In this study, a remarkably simple and direct strategy has been successfully developed to selectively label target cysteine residues in fully unprotected peptides and proteins. The strategy is based on the reaction between allenamides and the cysteine thiol, and proceeds swiftly in aqueous medium with excellent selectivity and quantitative conversion, thus forming a stable and irreversible conjugate. The combined simplicity and mildness of the process project allenamide as robust and versatile handles to target cysteines and has potential use in biological systems. Additionally, fluorescent-labeling studies demonstrated that the installation of a C-terminal allenamide moiety onto various molecules of interest may supply a new methodology towards the site-specific labeling of cysteine-containing proteins. Such a new labeling strategy may thus open a window for its application in the field of life sciences.

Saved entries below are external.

lemma AutC_compose:
  assumes "(b\<^sub>1, \<sigma>\<^sub>1) \<in> AutC M C" and "(b\<^sub>2, \<sigma>\<^sub>2) \<in> AutC M C"
  shows "(symdiff b\<^sub>1 (\<sigma>\<^sub>1 ` b\<^sub>2), \<sigma>\<^sub>1 \<circ> \<sigma>\<^sub>2) \<in> AutC M C"
proof -
  have \<sigma>\<^sub>1: "\<sigma>\<^sub>1 permutes M" "b\<^sub>1 \<subseteq> M" and \<sigma>\<^sub>2: "\<sigma>\<^sub>2 permutes M" "b\<^sub>2 \<subseteq> M"
    using assms by (auto simp: AutC_def AutH_def)
  have "aut_act (symdiff b\<^sub>1 (\<sigma>\<^sub>1 ` b\<^sub>2), \<sigma>\<^sub>1 \<circ> \<sigma>\<^sub>2) ` C = aut_act (b\<^sub>1, \<sigma>\<^sub>1) ` aut_act (b\<^sub>2, \<sigma>\<^sub>2) ` C"
    using aut_act_compose[OF permutes_inj[OF \<sigma>\<^sub>1(1)]] by (simp add: image_image)
  also have "\<dots> = C"
    using assms by (simp add: AutC_def)
  finally show ?thesis
    using \<sigma>\<^sub>1 \<sigma>\<^sub>2 permutes_compose[OF \<sigma>\<^sub>2(1) \<sigma>\<^sub>1(1)] permutes_image[OF \<sigma>\<^sub>1(1)]
      image_mono[OF \<sigma>\<^sub>2(2), of \<sigma>\<^sub>1]
    by (auto simp: AutC_def AutH_def symdiff_def)
qed

lemma AutC_inverse:
  assumes "(b, \<sigma>) \<in> AutC M C"
  shows "(inv_into UNIV \<sigma> ` b, inv_into UNIV \<sigma>) \<in> AutC M C"
proof -
  have \<sigma>: "\<sigma> permutes M" "b \<subseteq> M" and C: "aut_act (b, \<sigma>) ` C = C"
    using assms by (auto simp: AutC_def AutH_def)
  have inv_perm: "inv_into UNIV \<sigma> permutes M"
    using permutes_inv[OF \<sigma>(1)] .
  have "aut_act (inv_into UNIV \<sigma> ` b, inv_into UNIV \<sigma>) ` C = aut_act (inv_into UNIV \<sigma> ` b, inv_into UNIV \<sigma>) ` aut_act (b, \<sigma>) ` C"
    using C by simp
  also have "\<dots> = C"
    using aut_act_inverse[OF permutes_bij[OF \<sigma>(1)]] by (simp add: image_image)
  finally show ?thesis
    using inv_perm \<sigma>(2) permutes_image[OF inv_perm] image_mono[OF \<sigma>(2), of "inv_into UNIV \<sigma>"]
    by (auto simp: AutC_def AutH_def)
qed

lemma group_induced_perm_group: "group (perm_grp (induced_perm_group (AutC M C)))"
proof (rule groupI)
  fix \<sigma> \<tau>
  assume "\<sigma> \<in> carrier (perm_grp (induced_perm_group (AutC M C)))"
    and "\<tau> \<in> carrier (perm_grp (induced_perm_group (AutC M C)))"
  then obtain b c where "(b, \<sigma>) \<in> AutC M C" "(c, \<tau>) \<in> AutC M C"
    by (auto simp: perm_grp_def induced_perm_group_def)
  from AutC_compose[OF this] show
    "\<sigma> \<otimes>\<^bsub>perm_grp (induced_perm_group (AutC M C))\<^esub> \<tau> \<in> carrier (perm_grp (induced_perm_group (AutC M C)))"
    by (force simp: perm_grp_def induced_perm_group_def)
next
  show "\<one>\<^bsub>perm_grp (induced_perm_group (AutC M C))\<^esub> \<in> carrier (perm_grp (induced_perm_group (AutC M C)))"
    using AutC_id by (force simp: perm_grp_def induced_perm_group_def)
next
  fix \<sigma>
  assume "\<sigma> \<in> carrier (perm_grp (induced_perm_group (AutC M C)))"
  then obtain b where b: "(b, \<sigma>) \<in> AutC M C"
    by (auto simp: perm_grp_def induced_perm_group_def)
  then have "\<sigma> permutes M"
    by (simp add: AutC_def AutH_def)
  then have "inv_into UNIV \<sigma> \<circ> \<sigma> = id"
    by (rule permutes_inv_o)
  moreover have "inv_into UNIV \<sigma> \<in> induced_perm_group (AutC M C)"
    unfolding induced_perm_group_def by (rule image_eqI[OF _ AutC_inverse[OF b]]) simp
  ultimately show "\<exists>\<tau> \<in> carrier (perm_grp (induced_perm_group (AutC M C))).
      \<tau> \<otimes>\<^bsub>perm_grp (induced_perm_group (AutC M C))\<^esub> \<sigma> = \<one>\<^bsub>perm_grp (induced_perm_group (AutC M C))\<^esub>"
    by (auto simp: perm_grp_def)
qed (simp_all add: perm_grp_def comp_assoc)
(* Consider the SR2 method (described in the context) applied to $\min_x F(x) := f(x) + \mathcal{R}(x)$, and suppose Assumptions (A1), (A3) and (A5) of the context hold. Let $0<\epsilon<1$ and let $t(\epsilon)$ be the first iteration with $\mathbb{E}_{\hat\xi_{t}}[\|s^\xi\|^2]\le\epsilon^2$. Then $$\mathbb{E}_{\hat\xi_{t(\epsilon)}}\big[\operatorname{dist}\big(0,\hat\partial F(x_{t(\epsilon)}+s^\xi)\big)^2\big] \le C\epsilon^2 + 3\,\mathbb{E}_{\hat\xi_{t(\epsilon)}}\big[\|\nabla f(x_{t(\epsilon)}) - g^\xi\|^2\big],$$ where $C = 3(L^2+\sigma_{\max}^2)$.
   Context: Problem: $F(x) = f(x) + \mathcal{R}(x)$ with $f(x) = \frac{1}{N}\sum_{i=1}^N f_i(x)$, $f_i:\mathbb{R}^n\to\mathbb{R}$ differentiable, and $\mathcal{R}:\mathbb{R}^n \to \mathbb{R}\cup\{\pm\infty\}$. For a nonempty sample $\xi \subseteq \{1,\dots,N\}$ set $f(x,\xi) := \frac{1}{|\xi|}\sum_{j\in\xi} f_j(x)$ and $\nabla f(x,\xi) := \frac{1}{|\xi|}\sum_{j\in\xi}\nabla f_j(x)$. A function $\mathcal{R}$ is proper if it never equals $-\infty$ and is finite somewhere; it is prox-bounded if there are $x$ and $\mu>0$ with $\inf_w \{\tfrac{1}{2}\mu^{-1}\|x-w\|^2 + \mathcal{R}(w)\} > -\infty$; the supremum of such $\mu$ is its prox-boundedness threshold. The Fréchet subdifferential $\hat\partial\phi(\bar x)$ of $\phi$ at a point $\bar x$ where $\phi$ is finite is the set of $v$ with $\liminf_{x\to\bar x, x\ne\bar x} \frac{\phi(x)-\phi(\bar x)-v^T(x-\bar x)}{\|x-\bar x\|}\ge 0$. SR2 algorithm: parameters $0<\eta_1\le\eta_2<1$, $0<\gamma_3\le 1<\gamma_1\le\gamma_2$, a starting point $x_0$ where $\mathcal{R}$ is finite, $\sigma_0 \ge \sigma_{\min} > 0$. At iteration $t$: draw a random sample $\xi_t$, set $g_t := \nabla f(x_t,\xi_t)$, $\psi(s;x_t) := f(x_t,\xi_t) + g_t^T s + \mathcal{R}(x_t+s)$, $m(s;x_t,\sigma_t) := \psi(s;x_t) + \tfrac12\sigma_t\|s\|^2$, and compute $s_t \in \operatorname{argmin}_s m(s;x_t,\sigma_t)$ (if the sample is deemed inadequate, $s_t$ is set to $0$). Compute $\Delta F_t := F(x_t) - F(x_t+s_t)$, $\Delta\psi_t := \psi(0;x_t)-\psi(s_t;x_t)$, $\rho_t := \Delta F_t/\Delta\psi_t$ (with the convention $\rho_t = 0$ when $\Delta\psi_t = +\infty$). If $\rho_t \ge \eta_1$ (a successful iteration) set $x_{t+1} = x_t + s_t$, else $x_{t+1}=x_t$. Then choose $\sigma_{t+1} \in [\max(\sigma_{\min},\gamma_3\sigma_t),\sigma_t]$ if $\rho_t\ge\eta_2$; $\sigma_{t+1}\in[\sigma_t,\gamma_1\sigma_t]$ if $\eta_1\le\rho_t<\eta_2$; $\sigma_{t+1}\in[\gamma_1\sigma_t,\gamma_2\sigma_t]$ if $\rho_t<\eta_1$. Assumptions. (A1): there is $L>0$ with $\|\nabla f(x)-\nabla f(y)\|\le L\|x-y\|$ for all $x,y$; $\mathcal{R}$ is proper and lower semicontinuous everywhere, and $s\mapsto\mathcal{R}(x_t+s)$ is prox-bounded, with threshold $\lambda_{x_t}$, for every iterate $x_t$. (A3): there is $\kappa_m>0$ such that for all $t$, $|f(x_t+s_t)-f(x_t)-g_t^Ts_t| \le \kappa_m\|s_t\|^2$; moreover $\mathbb{E}_\xi[f(x_t,\xi)] = f(x_t)$ and $\mathbb{E}_\xi[g_t] = \nabla f(x_t)$. (A5): there is $\lambda>0$ with $\lambda_{x_t}\ge\lambda$ for all iterates $x_t$. Notation: $\sigma_{\max}$ is a constant with $\sigma_t\le\sigma_{\max}$ for all $t$ (e.g. $\max\{\sigma_0,\gamma_2\sigma_{\textup{succ}}\}$ with $\sigma_{\textup{succ}} := \max(2\kappa_m/(1-\eta_2),1/\lambda)$). For a sample $\xi$ drawn at iterate $x_t$, $g^\xi := \nabla f(x_t,\xi)$ and $s^\xi$ is the corresponding step; $\mathbb{E}_{\hat\xi_t}$ denotes expectation over the distribution of samples $\xi$ that yield a successful iteration given $x_t$. *)

theory Defs
  imports "HOL-Analysis.Analysis" "HOL-Probability.Probability"
begin

(* Euclidean space R^n is modelled as real^'n.  Component functions f_i are indexed by
   i in {1..N}; a sample is a finite set xi of indices (nonempty subset of {1..N}). *)

definition grad :: "(real^'n \<Rightarrow> real) \<Rightarrow> real^'n \<Rightarrow> real^'n" where
  "grad \<phi> x = (THE D. GDERIV \<phi> x :> D)"

definition fbar :: "(nat \<Rightarrow> real^'n \<Rightarrow> real) \<Rightarrow> nat \<Rightarrow> real^'n \<Rightarrow> real" where
  "fbar fi N x = (\<Sum>i\<in>{1..N}. fi i x) / real N"

definition fsamp :: "(nat \<Rightarrow> real^'n \<Rightarrow> real) \<Rightarrow> nat set \<Rightarrow> real^'n \<Rightarrow> real" where
  "fsamp fi \<xi> x = (\<Sum>j\<in>\<xi>. fi j x) / real (card \<xi>)"

definition gsamp :: "(nat \<Rightarrow> real^'n \<Rightarrow> real) \<Rightarrow> nat set \<Rightarrow> real^'n \<Rightarrow> real^'n" where
  "gsamp fi \<xi> x = (1 / real (card \<xi>)) *\<^sub>R (\<Sum>j\<in>\<xi>. grad (fi j) x)"

definition Fobj :: "(nat \<Rightarrow> real^'n \<Rightarrow> real) \<Rightarrow> nat \<Rightarrow> (real^'n \<Rightarrow> ereal) \<Rightarrow> real^'n \<Rightarrow> ereal" where
  "Fobj fi N R x = ereal (fbar fi N x) + R x"

definition psi :: "(nat \<Rightarrow> real^'n \<Rightarrow> real) \<Rightarrow> (real^'n \<Rightarrow> ereal) \<Rightarrow> nat set \<Rightarrow> real^'n \<Rightarrow> real^'n \<Rightarrow> ereal" where
  "psi fi R \<xi> x s = ereal (fsamp fi \<xi> x + gsamp fi \<xi> x \<bullet> s) + R (x + s)"

definition model :: "(nat \<Rightarrow> real^'n \<Rightarrow> real) \<Rightarrow> (real^'n \<Rightarrow> ereal) \<Rightarrow> nat set \<Rightarrow> real^'n \<Rightarrow> real \<Rightarrow> real^'n \<Rightarrow> ereal" where
  "model fi R \<xi> x \<sigma> s = psi fi R \<xi> x s + ereal (\<sigma> / 2 * (norm s)^2)"

definition is_model_minimizer ::
  "(nat \<Rightarrow> real^'n \<Rightarrow> real) \<Rightarrow> (real^'n \<Rightarrow> ereal) \<Rightarrow> nat set \<Rightarrow> real^'n \<Rightarrow> real \<Rightarrow> real^'n \<Rightarrow> bool" where
  "is_model_minimizer fi R \<xi> x \<sigma> s \<longleftrightarrow> (\<forall>s'. model fi R \<xi> x \<sigma> s \<le> model fi R \<xi> x \<sigma> s')"

definition rho :: "(nat \<Rightarrow> real^'n \<Rightarrow> real) \<Rightarrow> nat \<Rightarrow> (real^'n \<Rightarrow> ereal) \<Rightarrow> nat set \<Rightarrow> real^'n \<Rightarrow> real^'n \<Rightarrow> ereal" where
  "rho fi N R \<xi> x s =
     (let dF = Fobj fi N R x - Fobj fi N R (x + s);
          dpsi = psi fi R \<xi> x 0 - psi fi R \<xi> x s
      in if dpsi = \<infinity> then 0 else dF / dpsi)"

definition proper_fun :: "('a \<Rightarrow> ereal) \<Rightarrow> bool" where
  "proper_fun R \<longleftrightarrow> (\<forall>x. R x \<noteq> -\<infinity>) \<and> (\<exists>x. \<bar>R x\<bar> \<noteq> \<infinity>)"

definition lsc_everywhere :: "('a::topological_space \<Rightarrow> ereal) \<Rightarrow> bool" where
  "lsc_everywhere R \<longleftrightarrow> (\<forall>x. R x \<le> Liminf (at x) R)"

definition prox_bounded_at :: "(real^'n \<Rightarrow> ereal) \<Rightarrow> real \<Rightarrow> bool" where
  "prox_bounded_at R \<mu> \<longleftrightarrow> \<mu> > 0 \<and>
     (\<exists>x. (INF w. ereal (1 / 2 * inverse \<mu> * (norm (x - w))^2) + R w) > -\<infinity>)"

definition prox_bounded :: "(real^'n \<Rightarrow> ereal) \<Rightarrow> bool" where
  "prox_bounded R \<longleftrightarrow> (\<exists>\<mu>. prox_bounded_at R \<mu>)"

definition prox_threshold :: "(real^'n \<Rightarrow> ereal) \<Rightarrow> ereal" where
  "prox_threshold R = Sup (ereal ` {\<mu>. prox_bounded_at R \<mu>})"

机译:在这项研究中,已经成功开发了一种非常简单直接的策略,可以选择性地标记完全不受保护的肽和蛋白质中的目标半胱氨酸残基。该策略基于烯丙酰胺和半胱氨酸硫醇之间的反应,并在水性介质中快速进行,具有出色的选择性和定量转化率,从而形成稳定且不可逆的结合物。该方法的简单性和温和性相结合,将烯丙酰胺作为靶向半胱氨酸的强大而通用的手柄,在生物系统中具有潜在的用途。此外,荧光标记研究表明,将C末端的烯丙酰胺部分安装到各种目标分子上,可能为含半胱氨酸蛋白的位点特异性标记提供新的方法。因此,这种新的标记策略可以为其在生命科学领域的应用打开一个窗口。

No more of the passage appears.